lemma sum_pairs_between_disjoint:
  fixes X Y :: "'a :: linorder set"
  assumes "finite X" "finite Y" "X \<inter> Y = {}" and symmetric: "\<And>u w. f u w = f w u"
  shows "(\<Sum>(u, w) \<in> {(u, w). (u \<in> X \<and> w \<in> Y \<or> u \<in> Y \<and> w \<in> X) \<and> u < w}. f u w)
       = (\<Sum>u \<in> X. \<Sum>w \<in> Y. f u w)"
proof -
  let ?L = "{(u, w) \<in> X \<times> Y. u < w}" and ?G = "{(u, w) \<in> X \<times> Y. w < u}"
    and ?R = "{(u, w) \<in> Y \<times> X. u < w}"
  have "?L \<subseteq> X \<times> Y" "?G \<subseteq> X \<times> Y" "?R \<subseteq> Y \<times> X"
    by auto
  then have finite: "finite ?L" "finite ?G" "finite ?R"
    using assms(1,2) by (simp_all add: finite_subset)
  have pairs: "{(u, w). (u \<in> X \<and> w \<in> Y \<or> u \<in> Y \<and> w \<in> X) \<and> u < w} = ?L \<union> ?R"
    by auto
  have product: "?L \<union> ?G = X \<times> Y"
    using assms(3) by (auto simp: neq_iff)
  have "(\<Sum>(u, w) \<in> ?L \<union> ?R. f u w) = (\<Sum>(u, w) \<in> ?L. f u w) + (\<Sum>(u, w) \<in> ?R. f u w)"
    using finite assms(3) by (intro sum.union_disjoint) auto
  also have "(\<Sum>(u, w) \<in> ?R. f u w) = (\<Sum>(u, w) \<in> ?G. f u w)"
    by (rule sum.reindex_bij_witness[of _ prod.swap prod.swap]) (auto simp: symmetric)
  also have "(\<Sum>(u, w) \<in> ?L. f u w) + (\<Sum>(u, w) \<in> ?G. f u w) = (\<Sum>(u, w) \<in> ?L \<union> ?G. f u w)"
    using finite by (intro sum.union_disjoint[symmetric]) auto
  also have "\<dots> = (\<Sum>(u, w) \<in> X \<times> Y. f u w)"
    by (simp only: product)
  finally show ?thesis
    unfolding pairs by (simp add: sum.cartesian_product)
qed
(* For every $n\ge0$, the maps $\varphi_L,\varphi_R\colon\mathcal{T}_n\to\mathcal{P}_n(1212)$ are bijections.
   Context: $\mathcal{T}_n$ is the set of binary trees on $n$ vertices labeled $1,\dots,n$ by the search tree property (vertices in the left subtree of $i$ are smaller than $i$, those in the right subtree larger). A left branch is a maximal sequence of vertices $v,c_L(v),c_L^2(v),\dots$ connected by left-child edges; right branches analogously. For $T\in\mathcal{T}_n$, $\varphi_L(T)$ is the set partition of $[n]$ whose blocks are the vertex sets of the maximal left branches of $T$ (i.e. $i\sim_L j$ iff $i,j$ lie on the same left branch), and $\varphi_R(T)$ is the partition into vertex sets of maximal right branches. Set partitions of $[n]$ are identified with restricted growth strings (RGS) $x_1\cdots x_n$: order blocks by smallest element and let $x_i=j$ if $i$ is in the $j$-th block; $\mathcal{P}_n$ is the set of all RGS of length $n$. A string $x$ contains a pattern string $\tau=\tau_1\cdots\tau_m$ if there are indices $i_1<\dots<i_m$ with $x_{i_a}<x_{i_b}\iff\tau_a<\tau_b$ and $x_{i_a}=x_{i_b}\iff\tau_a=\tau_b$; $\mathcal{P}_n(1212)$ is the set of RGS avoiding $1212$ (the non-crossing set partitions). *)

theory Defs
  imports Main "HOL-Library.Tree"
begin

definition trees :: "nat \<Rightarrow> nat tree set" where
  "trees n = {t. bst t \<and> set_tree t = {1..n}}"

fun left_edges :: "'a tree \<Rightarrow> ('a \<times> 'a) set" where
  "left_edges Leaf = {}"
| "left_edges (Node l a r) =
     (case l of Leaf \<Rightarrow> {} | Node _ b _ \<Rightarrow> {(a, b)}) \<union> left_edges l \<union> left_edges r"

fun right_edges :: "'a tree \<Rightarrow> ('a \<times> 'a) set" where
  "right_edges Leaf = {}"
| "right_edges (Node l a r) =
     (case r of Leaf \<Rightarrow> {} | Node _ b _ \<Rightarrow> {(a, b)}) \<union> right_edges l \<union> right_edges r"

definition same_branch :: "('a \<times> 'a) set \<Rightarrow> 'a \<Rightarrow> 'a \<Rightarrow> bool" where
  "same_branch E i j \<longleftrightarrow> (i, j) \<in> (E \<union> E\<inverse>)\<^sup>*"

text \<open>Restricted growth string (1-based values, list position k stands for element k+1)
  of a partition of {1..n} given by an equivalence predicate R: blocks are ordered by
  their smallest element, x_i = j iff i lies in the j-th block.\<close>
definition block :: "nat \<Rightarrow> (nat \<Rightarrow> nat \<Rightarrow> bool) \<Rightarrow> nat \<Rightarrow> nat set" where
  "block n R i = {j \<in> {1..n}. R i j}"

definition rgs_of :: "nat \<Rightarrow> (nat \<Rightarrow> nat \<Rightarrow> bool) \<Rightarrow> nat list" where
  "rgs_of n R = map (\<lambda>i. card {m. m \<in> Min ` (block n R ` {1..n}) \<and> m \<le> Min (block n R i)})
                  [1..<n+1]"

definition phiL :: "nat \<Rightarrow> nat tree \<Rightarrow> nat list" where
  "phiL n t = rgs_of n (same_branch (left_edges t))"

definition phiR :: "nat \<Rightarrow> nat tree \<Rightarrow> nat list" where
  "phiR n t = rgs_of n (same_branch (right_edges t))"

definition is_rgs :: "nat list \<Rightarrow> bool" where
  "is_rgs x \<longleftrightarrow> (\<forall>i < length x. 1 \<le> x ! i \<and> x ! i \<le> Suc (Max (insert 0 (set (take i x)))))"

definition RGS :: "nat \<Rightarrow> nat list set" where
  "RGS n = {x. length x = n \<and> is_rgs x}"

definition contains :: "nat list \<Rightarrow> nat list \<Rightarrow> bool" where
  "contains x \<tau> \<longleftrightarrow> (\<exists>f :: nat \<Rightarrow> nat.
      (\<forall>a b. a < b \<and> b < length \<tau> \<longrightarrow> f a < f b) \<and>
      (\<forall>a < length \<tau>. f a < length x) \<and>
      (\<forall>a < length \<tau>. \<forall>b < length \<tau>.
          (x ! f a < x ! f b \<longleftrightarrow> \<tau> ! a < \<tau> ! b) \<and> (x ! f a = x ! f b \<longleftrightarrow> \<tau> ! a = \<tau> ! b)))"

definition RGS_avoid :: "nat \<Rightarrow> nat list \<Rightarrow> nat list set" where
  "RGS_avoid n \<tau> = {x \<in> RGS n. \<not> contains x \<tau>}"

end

◆ ◆ ◆ ◆ ◆ ◆ ◆

Write out each entry again, leaving every word as it is.

■ **RESPONSE BOX**
lemma sum_pairs_between_disjoint:
  fixes X Y :: "'a :: linorder set"
  assumes "finite X" "finite Y" "X \<inter> Y = {}" and symmetric: "\<And>u w. f u w = f w u"
  shows "(\<Sum>(u, w) \<in> {(u, w). (u \<in> X \<and> w \<in> Y \<or> u \<in> Y \<and> w \<in> X) \<and> u < w}. f u w)
       = (\<Sum>u \<in> X. \<Sum>w \<in> Y. f u w)"
proof -
  let ?L = "{(u, w) \<in> X \<times> Y. u < w}" and ?G = "{(u, w) \<in> X \<times> Y. w < u}"
    and ?R = "{(u, w) \<in> Y \<times> X. u < w}"
  have "?L \<subseteq> X \<times> Y" "?G \<subseteq> X \<times> Y" "?R \<subseteq> Y \<times> X"
    by auto
  then have finite: "finite ?L" "finite ?G" "finite ?R"
    using assms(1,2) by (simp_all add: finite_subset)
  have pairs: "{(u, w). (u \<in> X \<and> w \<in> Y \<or> u \<in> Y \<and> w \<in> X) \<and> u < w} = ?L \<union> ?R"
    by auto
  have product: "?L \<union> ?G = X \<times> Y"
    using assms(3) by (auto simp: neq_iff)
  have "(\<Sum>(u, w) \<in> ?L \<union> ?R. f u w) = (\<Sum>(u, w) \<in> ?L. f u w) + (\<Sum>(u, w) \<in> ?R. f u w)"
    using finite assms(3) by (intro sum.union_disjoint) auto
  also have "(\<Sum>(u, w) \<in> ?R. f u w) = (\<Sum>(u, w) \<in> ?G. f u w)"
    by (rule sum.reindex_bij_witness[of _ prod.swap prod.swap]) (auto simp: symmetric)
  also have "(\<Sum>(u, w) \<in> ?L. f u w) + (\<Sum>(u, w) \<in> ?G. f u w) = (\<Sum>(u, w) \<in> ?L \<union> ?G. f u w)"
    using finite by (intro sum.union_disjoint[symmetric]) auto
  also have "\<dots> = (\<Sum>(u, w) \<in> X \<times> Y. f u w)"
    by (simp only: product)
  finally show ?thesis
    unfolding pairs by (simp add: sum.cartesian_product)
qed
(* For every $n\ge0$, the maps $\varphi_L,\varphi_R\colon\mathcal{T}_n\to\mathcal{P}_n(1212)$ are bijections.
   Context: $\mathcal{T}_n$ is the set of binary trees on $n$ vertices labeled $1,\dots,n$ by the search tree property (vertices in the left subtree of $i$ are smaller than $i$, those in the right subtree larger). A left branch is a maximal sequence of vertices $v,c_L(v),c_L^2(v),\dots$ connected by left-child edges; right branches analogously. For $T\in\mathcal{T}_n$, $\varphi_L(T)$ is the set partition of $[n]$ whose blocks are the vertex sets of the maximal left branches of $T$ (i.e. $i\sim_L j$ iff $i,j$ lie on the same left branch), and $\varphi_R(T)$ is the partition into vertex sets of maximal right branches. Set partitions of $[n]$ are identified with restricted growth strings (RGS) $x_1\cdots x_n$: order blocks by smallest element and let $x_i=j$ if $i$ is in the $j$-th block; $\mathcal{P}_n$ is the set of all RGS of length $n$. A string $x$ contains a pattern string $\tau=\tau_1\cdots\tau_m$ if there are indices $i_1<\dots<i_m$ with $x_{i_a}<x_{i_b}\iff\tau_a<\tau_b$ and $x_{i_a}=x_{i_b}\iff\tau_a=\tau_b$; $\mathcal{P}_n(1212)$ is the set of RGS avoiding $1212$ (the non-crossing set partitions). *)

theory Defs
  imports Main "HOL-Library.Tree"
begin

definition trees :: "nat \<Rightarrow> nat tree set" where
  "trees n = {t. bst t \<and> set_tree t = {1..n}}"

fun left_edges :: "'a tree \<Rightarrow> ('a \<times> 'a) set" where
  "left_edges Leaf = {}"
| "left_edges (Node l a r) =
     (case l of Leaf \<Rightarrow> {} | Node _ b _ \<Rightarrow> {(a, b)}) \<union> left_edges l \<union> left_edges r"

fun right_edges :: "'a tree \<Rightarrow> ('a \<times> 'a) set" where
  "right_edges Leaf = {}"
| "right_edges (Node l a r) =
     (case r of Leaf \<Rightarrow> {} | Node _ b _ \<Rightarrow> {(a, b)}) \<union> right_edges l \<union> right_edges r"

definition same_branch :: "('a \<times> 'a) set \<Rightarrow> 'a \<Rightarrow> 'a \<Rightarrow> bool" where
  "same_branch E i j \<longleftrightarrow> (i, j) \<in> (E \<union> E\<inverse>)\<^sup>*"

text \<open>Restricted growth string (1-based values, list position k stands for element k+1)
  of a partition of {1..n} given by an equivalence predicate R: blocks are ordered by
  their smallest element, x_i = j iff i lies in the j-th block.\<close>
definition block :: "nat \<Rightarrow> (nat \<Rightarrow> nat \<Rightarrow> bool) \<Rightarrow> nat \<Rightarrow> nat set" where
  "block n R i = {j \<in> {1..n}. R i j}"

definition rgs_of :: "nat \<Rightarrow> (nat \<Rightarrow> nat \<Rightarrow> bool) \<Rightarrow> nat list" where
  "rgs_of n R = map (\<lambda>i. card {m. m \<in> Min ` (block n R ` {1..n}) \<and> m \<le> Min (block n R i)})
                  [1..<n+1]"

definition phiL :: "nat \<Rightarrow> nat tree \<Rightarrow> nat list" where
  "phiL n t = rgs_of n (same_branch (left_edges t))"

definition phiR :: "nat \<Rightarrow> nat tree \<Rightarrow> nat list" where
  "phiR n t = rgs_of n (same_branch (right_edges t))"

definition is_rgs :: "nat list \<Rightarrow> bool" where
  "is_rgs x \<longleftrightarrow> (\<forall>i < length x. 1 \<le> x ! i \<and> x ! i \<le> Suc (Max (insert 0 (set (take i x)))))"

definition RGS :: "nat \<Rightarrow> nat list set" where
  "RGS n = {x. length x = n \<and> is_rgs x}"

definition contains :: "nat list \<Rightarrow> nat list \<Rightarrow> bool" where
  "contains x \<tau> \<longleftrightarrow> (\<exists>f :: nat \<Rightarrow> nat.
      (\<forall>a b. a < b \<and> b < length \<tau> \<longrightarrow> f a < f b) \<and>
      (\<forall>a < length \<tau>. f a < length x) \<and>
      (\<forall>a < length \<tau>. \<forall>b < length \<tau>.
          (x ! f a < x ! f b \<longleftrightarrow> \<tau> ! a < \<tau> ! b) \<and> (x ! f a = x ! f b \<longleftrightarrow> \<tau> ! a = \<tau> ! b)))"

definition RGS_avoid :: "nat \<Rightarrow> nat list \<Rightarrow> nat list set" where
  "RGS_avoid n \<tau> = {x \<in> RGS n. \<not> contains x \<tau>}"

end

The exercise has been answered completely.